Machine Learning with Traffic Crash Data

April 2024

Why human-learn when you can machine-learn?

Overview

The aim of this project is to investigate the efficacy of machine learning (ML) classification models on traffic crash data. The data is from Kaggle and contains a wide range of data on a large number of crashes, such as the road condition, lighting condition, crash type, and trafficway type [1]. Most of the data are in categorical format, which poses various challenges in applying ML methods such as the need for encoding, the reduction of compatible ML model options, and the reduction of compatible performance metric options. Nonetheless, applying multiple ML methods to this dataset will enhance understanding of how to effectively work with qualitative and categorical data. This understanding is valuable as qualitative and categorical data are often more intuitive for humans to interpret than numerical data. After initial pre-processing, tree-based models and support vector machine (SVM) models were compared using metrics such as accuracy and computation time. Then, feature engineering was conducted to reduce the dimensionality of the data and the same classifiers were run again. This project explores the efficacy of tree-based models and SVM without feature engineering, and then explores whether or not different types of feature engineering are successful in improving the performance of these models.

Feature Engineering

The feature engineering done for this project include:

binning the quantitative times of day into qualitative categories to improve human interpretability and reduce noise;
performing one-hot encoding to encode nominal features;
performing label encoding to encode ordinal features;
manually combining apparently correlated features to try to reduce dimensionality without causing over- or underfitting.
and performing principal component analysis (PCA) to find the optimal number of components to ultimately reduce the dimensionality of the model.

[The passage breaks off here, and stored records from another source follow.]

lemma euler_integrand_measurable:
  assumes "0 \<le> s"
  shows "euler_integrand c z zh s \<in> borel_measurable Pe"
proof -
  \<comment> \<open>R s + Y may vanish, and c is arbitrary (possibly non-measurable) off (0,inf)\<close>
  have "(\<lambda>e. du (c (R z zh e * s + Y z zh e) zh) zh) \<in> borel_measurable Pe"
    using meas nonneg assms by (intro borel_measurable_continuous_on_pos_compose[OF du_c_continuous]) auto
  then show ?thesis
    unfolding euler_integrand_def using meas by measurable
qed

lemma euler_integrand_nonneg_antimono:
  assumes "0 < Y z zh e" "0 \<le> s" "s \<le> s'"
  shows "0 \<le> euler_integrand c z zh s' e" "euler_integrand c z zh s' e \<le> euler_integrand c z zh s e"
proof -
  have "R z zh e * s \<le> R z zh e * s'" "0 \<le> R z zh e * s"
    using nonneg(2)[of z zh e] assms by (auto intro: mult_left_mono)
  then have t: "0 < R z zh e * s + Y z zh e" "R z zh e * s + Y z zh e \<le> R z zh e * s' + Y z zh e"
    using assms by auto
  then have "c (R z zh e * s + Y z zh e) zh \<le> c (R z zh e * s' + Y z zh e) zh"
    using c t unfolding classC_def by (auto intro: mono_onD)
  then have "du (c (R z zh e * s' + Y z zh e) zh) zh \<le> du (c (R z zh e * s + Y z zh e) zh) zh"
    by (rule du_le[OF c_pos[OF t(1)]])
  moreover have "0 < du (c (R z zh e * s' + Y z zh e) zh) zh"
    using t by (intro du_pos c_pos) auto
  ultimately show "0 \<le> euler_integrand c z zh s' e" "euler_integrand c z zh s' e \<le> euler_integrand c z zh s e"
    unfolding euler_integrand_def using nonneg by (auto intro: mult_left_mono)
qed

ML Classification Models Used

Random Forest, Support Vector Machine (SVM), and Decision Tree classifiers were used to investigate the efficacy of these models before and after feature engineering.

Findings

The table on the right below compares the performance of Random Forest, SVM, and Decision Tree classifiers before and after each method of feature engineering. The results highlight that tree-based models naturally handle categorical data well without the need for feature scaling or dimensionality reduction, whereas SVM benefits from careful preprocessing. While manual feature engineering significantly reduced accuracy for both Random Forest and Decision Tree, SVM maintained accuracy but saw a 15.5% improvement in computational efficiency after applying PCA. This finding reinforces that feature engineering should be chosen based on model type, as PCA is effective for SVM but detrimental to tree-based classifiers. Additionally, the comparison between classifiers demonstrates that simpler models like Decision Tree can achieve high accuracy with minimal computation time, making them strong candidates for real-world deployment when efficiency is a priority.

Acknowledgements

This project was completed with one other group member.

Sources

[1] Oktay Ördekçi, “Traffic Accidents,” Kaggle.com, Jan. 19, 2025, doi: https://www.kaggle.com/datasets/oktayrdeki/traffic-accidents/data [accessed Mar. 9, 2025]. ‌

Left: Binning scheme for categorizing times into qualitative labels.

Right: Final results of each model.

Left: Results of principal component analysis (PCA)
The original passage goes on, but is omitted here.